[Extracted records]

-.-.-

text \<open>Opaque names for the square roots keep the simplifier from merging their products
  (e.g. into \<open>sqrt 14\<close>); the computations below only need their squares.\<close>

definition r2 :: real where "r2 = sqrt 2"
definition r7 :: real where "r7 = sqrt 7"
definition r11 :: real where "r11 = sqrt 11"

lemma r_squares:
  "r2 * r2 = 2" "r2 * (r2 * z) = 2 * z"
  "r7 * r7 = 7" "r7 * (r7 * z) = 7 * z"
  "r11 * r11 = 11" "r11 * (r11 * z) = 11 * z"
  by (simp_all add: r2_def r7_def r11_def)

fun soliton_basis :: "idx \<Rightarrow> vec7" where
  "soliton_basis E1 = e E1"
| "soliton_basis E2 = (r2/4) *\<^sub>R e E2"
| "soliton_basis E3 = (r2/12) *\<^sub>R e E3"
| "soliton_basis E4 = (r7/84) *\<^sub>R e E4"
| "soliton_basis E5 = (7/11088*r2*r7*r11) *\<^sub>R e E5 + (4/11088*r2*r7*r11) *\<^sub>R e E6"
| "soliton_basis E6 = (-1/924*r7*r11) *\<^sub>R e E5 + (1/924*r7*r11) *\<^sub>R e E6"
| "soliton_basis E7 = (1/1008*r2*r7) *\<^sub>R e E7"

text \<open>\<open>coord_e k\<close> are the coordinates of \<open>e k\<close> with respect to \<open>soliton_basis\<close>, i.e. the columns
  of the inverse change of basis.\<close>

fun coord_e :: "idx \<Rightarrow> vec7" where
  "coord_e E1 = axis E1 1"
| "coord_e E2 = (2*r2) *\<^sub>R axis E2 1"
| "coord_e E3 = (6*r2) *\<^sub>R axis E3 1"
| "coord_e E4 = (12*r7) *\<^sub>R axis E4 1"
| "coord_e E5 = (72/11*r2*r7*r11) *\<^sub>R axis E5 1 - (48/11*r7*r11) *\<^sub>R axis E6 1"
| "coord_e E6 = (72/11*r2*r7*r11) *\<^sub>R axis E5 1 + (84/11*r7*r11) *\<^sub>R axis E6 1"
| "coord_e E7 = (72*r2*r7) *\<^sub>R axis E7 1"

definition soliton_coord :: "vec7 \<Rightarrow> vec7" where
  "soliton_coord x = (\<Sum>k\<in>UNIV. x $ k *\<^sub>R coord_e k)"

fun soliton_bracket_up :: "idx \<Rightarrow> idx \<Rightarrow> vec7" where
  "soliton_bracket_up E1 E2 = 3 *\<^sub>R axis E3 1"
| "soliton_bracket_up E1 E3 = (r2*r7) *\<^sub>R axis E4 1"
| "soliton_bracket_up E1 E4 = (6/11*r2*r11) *\<^sub>R axis E5 1 + (7/11*r11) *\<^sub>R axis E6 1"
| "soliton_bracket_up E1 E5 = r11 *\<^sub>R axis E7 1"
| "soliton_bracket_up E2 E3 = (3/11*r2*r7*r11) *\<^sub>R axis E5 1 - (2/11*r7*r11) *\<^sub>R axis E6 1"
| "soliton_bracket_up E2 E4 = 3 *\<^sub>R axis E7 1"
| "soliton_bracket_up _ _ = 0"

definition soliton_bracket :: "idx \<Rightarrow> idx \<Rightarrow> vec7" where
  "soliton_bracket i j = soliton_bracket_up i j - soliton_bracket_up j i"

fun weight :: "idx \<Rightarrow> real" where
  "weight E1 = 1" | "weight E2 = 2" | "weight E3 = 3" | "weight E4 = 4"
| "weight E5 = 5" | "weight E6 = 5" | "weight E7 = 6"

lemma linear_soliton_coord: "linear soliton_coord"
  by (rule linearI) (simp_all add: soliton_coord_def scaleR_add_left sum.distrib scaleR_sum_right)

lemma soliton_coord_e: "soliton_coord (e k) = coord_e k"
  by (simp add: soliton_coord_def e_def axis_def if_distrib[of "\<lambda>c. c *\<^sub>R _"] cong: if_cong)

lemmas soliton_coord_linear_simps =
  linear_add[OF linear_soliton_coord] linear_diff[OF linear_soliton_coord]
  linear_scale[OF linear_soliton_coord] linear_neg[OF linear_soliton_coord] linear_0[OF linear_soliton_coord]

lemma soliton_coord_basis: "soliton_coord (soliton_basis i) = axis i 1"
  by (cases i) (simp_all add: soliton_coord_linear_simps soliton_coord_e vec_eq_iff all_idx axis_def
      algebra_simps r_squares)

lemma coord_e_expansion: "(\<Sum>k\<in>UNIV. coord_e l $ k *\<^sub>R soliton_basis k) = e l"
  by (cases l) (simp_all add: sum_UNIV_idx vec_eq_iff all_idx axis_def e_def algebra_simps r_squares)

lemma soliton_basis_expansion: "(\<Sum>k\<in>UNIV. soliton_coord x $ k *\<^sub>R soliton_basis k) = x"
proof -
  have "(\<Sum>k\<in>UNIV. soliton_coord x $ k *\<^sub>R soliton_basis k)
      = (\<Sum>k\<in>UNIV. \<Sum>l\<in>UNIV. (x $ l * coord_e l $ k) *\<^sub>R soliton_basis k)"
    by (simp add: soliton_coord_def scaleR_sum_left)
  also have "\<dots> = (\<Sum>l\<in>UNIV. \<Sum>k\<in>UNIV. (x $ l * coord_e l $ k) *\<^sub>R soliton_basis k)"
    by (rule sum.swap)
  also have "\<dots> = (\<Sum>l\<in>UNIV. x $ l *\<^sub>R (\<Sum>k\<in>UNIV. coord_e l $ k *\<^sub>R soliton_basis k))"
    by (simp add: scaleR_sum_right)
  also have "\<dots> = x"
    using basis_expansion[of x] by (simp add: coord_e_expansion e_def scalar_mult_eq_scaleR)
  finally show ?thesis .
qed

interpretation soliton: coordinate_basis soliton_basis soliton_coord
  by (rule coordinate_basis.intro) (simp_all add: linear_soliton_coord soliton_coord_basis soliton_basis_expansion)

lemmas br_linear_simps =
  bilinear_ladd[OF bilinear_br] bilinear_radd[OF bilinear_br]
  bilinear_lsub[OF bilinear_br] bilinear_rsub[OF bilinear_br]
  bilinear_lmul[OF bilinear_br] bilinear_rmul[OF bilinear_br]

lemma soliton_struct_const: "soliton.struct_const i j = soliton_bracket i j"
  unfolding soliton.struct_const_def
  by (cases i; cases j)
    (simp_all add: br_linear_simps br_e basis_br_def soliton_coord_linear_simps soliton_coord_e soliton_bracket_def
      vec_eq_iff all_idx axis_def algebra_simps r_squares)

lemma soliton_bracket_graded: "soliton_bracket i j $ m \<noteq> 0 \<Longrightarrow> weight m = weight i + weight j"
  by (cases i; cases j; cases m) (simp_all add: soliton_bracket_def axis_def)

lemma soliton_ricci_coeff: "soliton.ricci_coeff k m = (if k = m then -29 + 13/2 * weight m else 0)"
  unfolding soliton.ricci_coeff_def soliton_struct_const
  by (cases k; cases m) (simp_all add: sum_UNIV_idx soliton_bracket_def axis_def algebra_simps r_squares)

theorem mainTheorem11:
  shows "\<exists>g b c D. is_inner_product g \<and> is_orthonormal_basis g b \<and> is_derivation D \<and>
           (\<forall>x. ricci g b x = c *\<^sub>R x + D x)"
proof (intro exI conjI allI)
  let ?D = "soliton.diag (\<lambda>m. 13/2 * weight m)"
  show "is_inner_product soliton.metric" by (rule soliton.is_inner_product_metric)
  show "is_orthonormal_basis soliton.metric soliton_basis" by (rule soliton.is_orthonormal_basis_metric)
  show "is_derivation ?D"
    by (rule soliton.derivation_diag) (simp add: soliton_struct_const soliton_bracket_graded)
  fix x
  have "ricci soliton.metric soliton_basis x = soliton.diag (\<lambda>m. -29 + 13/2 * weight m) x"
    by (rule soliton.ricci_eq_diag) (rule soliton_ricci_coeff)
  then show "ricci soliton.metric soliton_basis x = (-29) *\<^sub>R x + ?D x"
    by (simp only: soliton.diag_shift)
qed
(* Let $G=(V,E)$ be a diamond-free graph and $xy\in E$. For $i\ge 1$ let $N_i=\{z\in V:\ \min(\mathrm{dist}_G(z,x),\mathrm{dist}_G(z,y))=i\}$, and suppose $N_2=\{u_1,\dots,u_k\}$ is an independent set. For $j\in\{1,\dots,k\}$ let $T_j=\{t\in N_3:\ N(t)\cap N_2=\{u_j\}\}$. Let $Y=V\setminus(\{x,y\}\cup N_1\cup N_2\cup N_3)$. Let $z\in N_4$ have no neighbor in $Y$, and suppose $z$ is adjacent to some $t_i\in T_i$. Then every dominating induced matching $M$ of $G$ with $xy\in M$ contains the edge $u_it_i$. Moreover, if $|N(z)\cap T_i|\ge 2$, then $G$ has no dominating induced matching $M$ with $xy\in M$.
   Context: All graphs are finite, simple and undirected; $\mathrm{dist}_G$ is the shortest-path distance and $N(v)$ the set of neighbors of $v$. A set $M$ of edges is a dominating induced matching if every edge of $G$ shares at least one vertex with exactly one edge of $M$. A diamond is $K_4$ minus one edge. *)

theory Defs
  imports Main "HOL-Library.Extended_Nat"
begin

definition graph :: "'a set \<Rightarrow> ('a \<Rightarrow> 'a \<Rightarrow> bool) \<Rightarrow> bool" where
  "graph V E \<longleftrightarrow> finite V \<and>
     (\<forall>u v. E u v \<longrightarrow> u \<in> V \<and> v \<in> V \<and> u \<noteq> v \<and> E v u)"

definition nbhd :: "'a set \<Rightarrow> ('a \<Rightarrow> 'a \<Rightarrow> bool) \<Rightarrow> 'a \<Rightarrow> 'a set" where
  "nbhd V E v = {w \<in> V. E v w}"

definition edges :: "('a \<Rightarrow> 'a \<Rightarrow> bool) \<Rightarrow> 'a set set" where
  "edges E = {{u, v} | u v. E u v}"

definition walk_len :: "'a set \<Rightarrow> ('a \<Rightarrow> 'a \<Rightarrow> bool) \<Rightarrow> nat \<Rightarrow> 'a \<Rightarrow> 'a \<Rightarrow> bool" where
  "walk_len V E n u v \<longleftrightarrow> (\<exists>p :: nat \<Rightarrow> 'a. p 0 = u \<and> p n = v \<and>
      (\<forall>i\<le>n. p i \<in> V) \<and> (\<forall>i<n. E (p i) (p (Suc i))))"

(* shortest-path distance; infinity if no path *)
definition gdist :: "'a set \<Rightarrow> ('a \<Rightarrow> 'a \<Rightarrow> bool) \<Rightarrow> 'a \<Rightarrow> 'a \<Rightarrow> enat" where
  "gdist V E u v = (INF n \<in> {n. walk_len V E n u v}. enat n)"

(* diamond = K4 minus one edge; diamond-free = no induced diamond *)
definition diamond_free :: "'a set \<Rightarrow> ('a \<Rightarrow> 'a \<Rightarrow> bool) \<Rightarrow> bool" where
  "diamond_free V E \<longleftrightarrow> \<not> (\<exists>a\<in>V. \<exists>b\<in>V. \<exists>c\<in>V. \<exists>d\<in>V.
      distinct [a, b, c, d] \<and> E a b \<and> E a c \<and> E a d \<and> E b c \<and> E b d \<and> \<not> E c d)"

definition independent :: "('a \<Rightarrow> 'a \<Rightarrow> bool) \<Rightarrow> 'a set \<Rightarrow> bool" where
  "independent E S \<longleftrightarrow> (\<forall>u\<in>S. \<forall>v\<in>S. \<not> E u v)"

definition dim :: "('a \<Rightarrow> 'a \<Rightarrow> bool) \<Rightarrow> 'a set set \<Rightarrow> bool" where
  "dim E M \<longleftrightarrow> M \<subseteq> edges E \<and>
     (\<forall>e\<in>edges E. card {m \<in> M. m \<inter> e \<noteq> {}} = 1)"

definition layer :: "'a set \<Rightarrow> ('a \<Rightarrow> 'a \<Rightarrow> bool) \<Rightarrow> 'a \<Rightarrow> 'a \<Rightarrow> nat \<Rightarrow> 'a set" where
  "layer V E x y i = {z \<in> V. min (gdist V E z x) (gdist V E z y) = enat i}"

end

theory Submission
  imports Defs
begin

text \<open>
  Let M be a dominating induced matching containing xy. A vertex of N1 is adjacent to x or y,
  so its edge to the matched edge xy is already dominated by xy; hence no vertex of N1 is
  matched, and consequently every vertex of N2 is matched (its edge down to N1 must be dominated).
  Since z has no neighbour in Y, all its neighbours lie in N3. If z were matched to some s in N3,
  the matched vertex of N2 below s would be covered by a second matching edge dominating the
  same edge, which is impossible; so z is unmatched and the edge z t forces t to be matched.
  The edge u t meets the matching edges through u and through t, which therefore coincide:
  u t is in M. Two distinct candidates t, t' would put u t and u t' into M, two matching
  edges sharing the vertex u.
\<close>

lemma walk_len_0_iff: "walk_len V E 0 u v \<longleftrightarrow> u \<in> V \<and> v = u"
  unfolding walk_len_def by auto

lemma walk_len_Cons:
  assumes "E a b" "a \<in> V" "walk_len V E n b v"
  shows "walk_len V E (Suc n) a v"
proof -
  obtain p where p: "p 0 = b" "p n = v" "\<forall>i\<le>n. p i \<in> V" "\<forall>i<n. E (p i) (p (Suc i))"
    using assms(3) unfolding walk_len_def by blast
  define q where "q i = (case i of 0 \<Rightarrow> a | Suc j \<Rightarrow> p j)" for i
  have "\<forall>i<Suc n. E (q i) (q (Suc i))"
    using assms(1) p(1,4) by (auto simp: q_def less_Suc_eq_0_disj)
  moreover have "\<forall>i\<le>Suc n. q i \<in> V"
    using assms(2) p(3) by (auto simp: q_def split: nat.split)
  ultimately show ?thesis
    unfolding walk_len_def using p(2) by (intro exI[of _ q]) (simp add: q_def)
qed

lemma walk_len_SucE:
  assumes "walk_len V E (Suc n) u v"
  obtains w where "E u w" "walk_len V E n w v"
proof -
  obtain p where p: "p 0 = u" "p (Suc n) = v" "\<forall>i\<le>Suc n. p i \<in> V"
      "\<forall>i<Suc n. E (p i) (p (Suc i))"
    using assms unfolding walk_len_def by blast
  have "E u (p 1)" using p by auto
  moreover have "walk_len V E n (p 1) v"
    unfolding walk_len_def using p by (intro exI[of _ "\<lambda>i. p (Suc i)"]) auto
  ultimately show thesis by (rule that)
qed

lemma gdist_le_if_walk_len: "walk_len V E n u v \<Longrightarrow> gdist V E u v \<le> enat n"
  unfolding gdist_def by (rule INF_lower) simp
(* Let $\mathcal{M}=(W,E,V)$ be a playable coalition model, $w\in W$, $C,D\subseteq N$, $X,Y\subseteq W$. (1) If $X\subseteq Y$ then $\nu^w_C(X)\le_t\nu^w_C(Y)$. (2) If $C\subseteq D$ then $\nu^w_C(X)\le_k\nu^w_D(X)$.
   Context: $N$ is a finite set of agents. A coalition model is $\mathcal{M}=(W,E,V)$ with $W$ nonempty and $E_w(C)\subseteq\mathcal{P}(W)$ for each $w\in W$, $C\subseteq N$. Write $\overline{X}=W\setminus X$. $E_w$ is playable if for all $C,D\subseteq N$, $X,Y\subseteq W$: (i) $\emptyset\notin E_w(C)$; (ii) $W\in E_w(C)$; (iii) if $X\in E_w(C)$ and $X\subseteq Y$ then $Y\in E_w(C)$; (iv) if $C\cap D=\emptyset$, $X\in E_w(C)$, $Y\in E_w(D)$ then $X\cap Y\in E_w(C\cup D)$; (v) $X\notin E_w(\emptyset)$ iff $\overline{X}\in E_w(N)$; the model is playable if each $E_w$ is. The strategic value of $X$ for $C$ at $w$ is $\nu^w_C(X)=(a,b)\in\{0,1\}^2$ where $a=1$ iff $X\in E_w(C)$ and $b=1$ iff $\overline{X}\in E_w(C)$. On $\{0,1\}^2$: $(a,b)\le_k(a',b')$ iff $a\le a'$ and $b\le b'$ (determination order); $(a,b)\le_t(a',b')$ iff $a\le a'$ and $b'\le b$ (directionality order). *)

theory Defs
  imports Main
begin

text \<open>Agents: a finite type 'a, so N = UNIV. Valuation V assigns to each
  proposition letter a set of worlds (irrelevant to the statement).\<close>

definition compl_in :: "'w set \<Rightarrow> 'w set \<Rightarrow> 'w set" where
  "compl_in W X = W - X"

definition playable_at :: "'w set \<Rightarrow> ('w \<Rightarrow> 'a::finite set \<Rightarrow> 'w set set) \<Rightarrow> 'w \<Rightarrow> bool" where
  "playable_at W E w \<longleftrightarrow>
     (\<forall>C. E w C \<subseteq> Pow W) \<and>
     (\<forall>C. {} \<notin> E w C) \<and>
     (\<forall>C. W \<in> E w C) \<and>
     (\<forall>C X Y. X \<in> E w C \<and> X \<subseteq> Y \<and> Y \<subseteq> W \<longrightarrow> Y \<in> E w C) \<and>
     (\<forall>C D X Y. C \<inter> D = {} \<and> X \<in> E w C \<and> Y \<in> E w D \<longrightarrow> X \<inter> Y \<in> E w (C \<union> D)) \<and>
     (\<forall>X. X \<subseteq> W \<longrightarrow> (X \<notin> E w {} \<longleftrightarrow> compl_in W X \<in> E w UNIV))"

definition coalition_model :: "'w set \<Rightarrow> ('w \<Rightarrow> 'a::finite set \<Rightarrow> 'w set set) \<Rightarrow> ('p \<Rightarrow> 'w set) \<Rightarrow> bool" where
  "coalition_model W E V \<longleftrightarrow> W \<noteq> {} \<and> (\<forall>w\<in>W. \<forall>C. E w C \<subseteq> Pow W) \<and> (\<forall>p. V p \<subseteq> W)"

definition playable_model :: "'w set \<Rightarrow> ('w \<Rightarrow> 'a::finite set \<Rightarrow> 'w set set) \<Rightarrow> ('p \<Rightarrow> 'w set) \<Rightarrow> bool" where
  "playable_model W E V \<longleftrightarrow> coalition_model W E V \<and> (\<forall>w\<in>W. playable_at W E w)"

text \<open>Strategic value nu^w_C(X) = (a,b) in {0,1}^2, encoded with bool (False = 0, True = 1).\<close>
definition strat_val :: "'w set \<Rightarrow> ('w \<Rightarrow> 'a set \<Rightarrow> 'w set set) \<Rightarrow> 'w \<Rightarrow> 'a set \<Rightarrow> 'w set \<Rightarrow> bool \<times> bool" where
  "strat_val W E w C X = (X \<in> E w C, compl_in W X \<in> E w C)"

definition le_k :: "bool \<times> bool \<Rightarrow> bool \<times> bool \<Rightarrow> bool" where
  "le_k v v' \<longleftrightarrow> fst v \<le> fst v' \<and> snd v \<le> snd v'"

definition le_t :: "bool \<times> bool \<Rightarrow> bool \<times> bool \<Rightarrow> bool" where
  "le_t v v' \<longleftrightarrow> fst v \<le> fst v' \<and> snd v' \<le> snd v"

end

theory Submission
  imports Defs
begin

lemma playable_at_subset:
  "playable_at W E w \<Longrightarrow> X \<in> E w C \<Longrightarrow> X \<subseteq> W"
  unfolding playable_at_def by (elim conjE) blast

lemma playable_at_top:
  "playable_at W E w \<Longrightarrow> W \<in> E w C"
  unfolding playable_at_def by (elim conjE) simp

lemma playable_at_upward_closed:
  "playable_at W E w \<Longrightarrow> X \<in> E w C \<Longrightarrow> X \<subseteq> Y \<Longrightarrow> Y \<subseteq> W \<Longrightarrow> Y \<in> E w C"
  unfolding playable_at_def by (elim conjE) simp

lemma playable_at_superadditive:
  "playable_at W E w \<Longrightarrow> C \<inter> D = {} \<Longrightarrow> X \<in> E w C \<Longrightarrow> Y \<in> E w D
    \<Longrightarrow> X \<inter> Y \<in> E w (C \<union> D)"
  unfolding playable_at_def by (elim conjE) simp

lemma playable_at_coalition_mono:
  assumes playable: "playable_at W E w" and "C \<subseteq> D" and "Z \<in> E w C"
  shows "Z \<in> E w D"
proof -
  have "Z \<inter> W \<in> E w (C \<union> (D - C))"
    using playable_at_superadditive[OF playable _ \<open>Z \<in> E w C\<close> playable_at_top[OF playable]]
    by blast
  moreover have "C \<union> (D - C) = D" using \<open>C \<subseteq> D\<close> by blast
  moreover have "Z \<inter> W = Z" using playable_at_subset[OF playable \<open>Z \<in> E w C\<close>] by blast
  ultimately show ?thesis by simp
qed

lemma strat_val_le_t_mono:
  assumes playable: "playable_at W E w" and "X \<subseteq> Y" and "Y \<subseteq> W"
  shows "le_t (strat_val W E w C X) (strat_val W E w C Y)"
proof -
  have "X \<in> E w C \<longrightarrow> Y \<in> E w C"
    using playable_at_upward_closed[OF playable] assms(2,3) by blast
  moreover have "W - Y \<in> E w C \<longrightarrow> W - X \<in> E w C"
    using playable_at_upward_closed[OF playable, of "W - Y" C "W - X"] \<open>X \<subseteq> Y\<close> by blast
  ultimately show ?thesis unfolding le_t_def strat_val_def compl_in_def by auto
qed

lemma strat_val_le_k_coalition_mono:
  assumes "playable_at W E w" and "C \<subseteq> D"
  shows "le_k (strat_val W E w C X) (strat_val W E w D X)"
  using playable_at_coalition_mono[OF assms]
  unfolding le_k_def strat_val_def by auto

theorem mainTheorem9:
  fixes W :: "'w set" and E :: "'w \<Rightarrow> 'a::finite set \<Rightarrow> 'w set set" and V :: "'p \<Rightarrow> 'w set"
    and w :: 'w and C D :: "'a set" and X Y :: "'w set"
  assumes "playable_model W E V" and "w \<in> W" and "X \<subseteq> W" and "Y \<subseteq> W"
  shows "(X \<subseteq> Y \<longrightarrow> le_t (strat_val W E w C X) (strat_val W E w C Y))
       \<and> (C \<subseteq> D \<longrightarrow> le_k (strat_val W E w C X) (strat_val W E w D X))"
proof -
  have playable: "playable_at W E w"
    using assms(1,2) unfolding playable_model_def by blast
  show ?thesis
    using strat_val_le_t_mono[OF playable _ \<open>Y \<subseteq> W\<close>]
      strat_val_le_k_coalition_mono[OF playable] by blast
qed

end
lemma avg_diff_holds_iff_dinv_form:
  fixes g f :: "int \<Rightarrow> real^('n::enum) \<Rightarrow> real"
  assumes "\<forall>k. g (k + int CARD('n)) = g k" and "\<forall>k. f (k + int CARD('n)) = f k"
  shows "avg_diff_holds g f x y
           \<longleftrightarrow> (\<Sum>k=1..int CARD('n). f k x) = 0 \<and> (\<exists>c. dinv_form_holds g f c x y)"
  unfolding avg_diff_holds_def dinv_form_holds_def
  by (rule fwd_diff_eq_fwd_avg_iff_dinv_FD) (simp_all add: card_ge_0_finite cmp_add_CARD assms)

lemma has_real_derivative_total_rate:
  fixes f :: "int \<Rightarrow> real^('n::enum) \<Rightarrow> real"
  assumes "\<forall>j. f j differentiable (at (u t))" and "(u has_vector_derivative u') (at t within S)"
  shows "((\<lambda>s. \<Sum>j=1..int CARD('n). f j (u s)) has_real_derivative total_rate f (u t) u')
           (at t within S)"
  unfolding total_rate_def using assms
  by (intro DERIV_sum has_real_derivative_comp_sum_pdiff) auto

lemma total_rate_eq_0_iff_Cd:
  fixes g f :: "int \<Rightarrow> real^('n::enum) \<Rightarrow> real"
  assumes shift: "dinv_form_holds g f c x y"
    and den: "(\<Sum>j=1..int CARD('n). \<Sum>k=1..int CARD('n). pdiff (f j) k x) \<noteq> 0"
  shows "total_rate f x y = 0 \<longleftrightarrow> c = Cd g f x"
proof -
  let ?I = "{1..int CARD('n)}"
  let ?d = "dinv_FD CARD('n) (\<lambda>i. f i x)"
  define Den where "Den = (\<Sum>j\<in>?I. \<Sum>k\<in>?I. pdiff (f j) k x)"
  define N where "N = (\<Sum>j\<in>?I. \<Sum>k\<in>?I. pdiff (f j) k x * (g k x - ?d k))"
  have "total_rate f x y = (\<Sum>j\<in>?I. \<Sum>k\<in>?I. c * pdiff (f j) k x - pdiff (f j) k x * (g k x - ?d k))"
    unfolding total_rate_def
  proof (intro sum.cong refl)
    fix j k assume "k \<in> ?I"
    then have cmp_eq: "cmp y k = ?d k + c - g k x"
      using shift unfolding dinv_form_holds_def by fastforce
    show "pdiff (f j) k x * cmp y k = c * pdiff (f j) k x - pdiff (f j) k x * (g k x - ?d k)"
      unfolding cmp_eq by (simp add: algebra_simps)
  qed
  also have "\<dots> = c * Den - N"
    unfolding Den_def N_def by (simp add: sum_subtractf sum_distrib_left)
  also have "c * Den - N = 0 \<longleftrightarrow> c = Cd g f x"
    using den unfolding Cd_def Den_def[symmetric] N_def[symmetric] by (simp add: eq_divide_eq)
  finally show ?thesis .
qed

-.-.-

WORK ITEM = Taking the records above, retype every line from the one with "f j differentiable" down to the one with "CARD('n) (\<lambda>i. f", exactly and with nothing else.

ANSWER TO THIS PROBLEM =
  assumes "\<forall>j. f j differentiable (at (u t))" and "(u has_vector_derivative u') (at t within S)"
  shows "((\<lambda>s. \<Sum>j=1..int CARD('n). f j (u s)) has_real_derivative total_rate f (u t) u')
           (at t within S)"
  unfolding total_rate_def using assms
  by (intro DERIV_sum has_real_derivative_comp_sum_pdiff) auto

lemma total_rate_eq_0_iff_Cd:
  fixes g f :: "int \<Rightarrow> real^('n::enum) \<Rightarrow> real"
  assumes shift: "dinv_form_holds g f c x y"
    and den: "(\<Sum>j=1..int CARD('n). \<Sum>k=1..int CARD('n). pdiff (f j) k x) \<noteq> 0"
  shows "total_rate f x y = 0 \<longleftrightarrow> c = Cd g f x"
proof -
  let ?I = "{1..int CARD('n)}"
  let ?d = "dinv_FD CARD('n) (\<lambda>i. f i x)"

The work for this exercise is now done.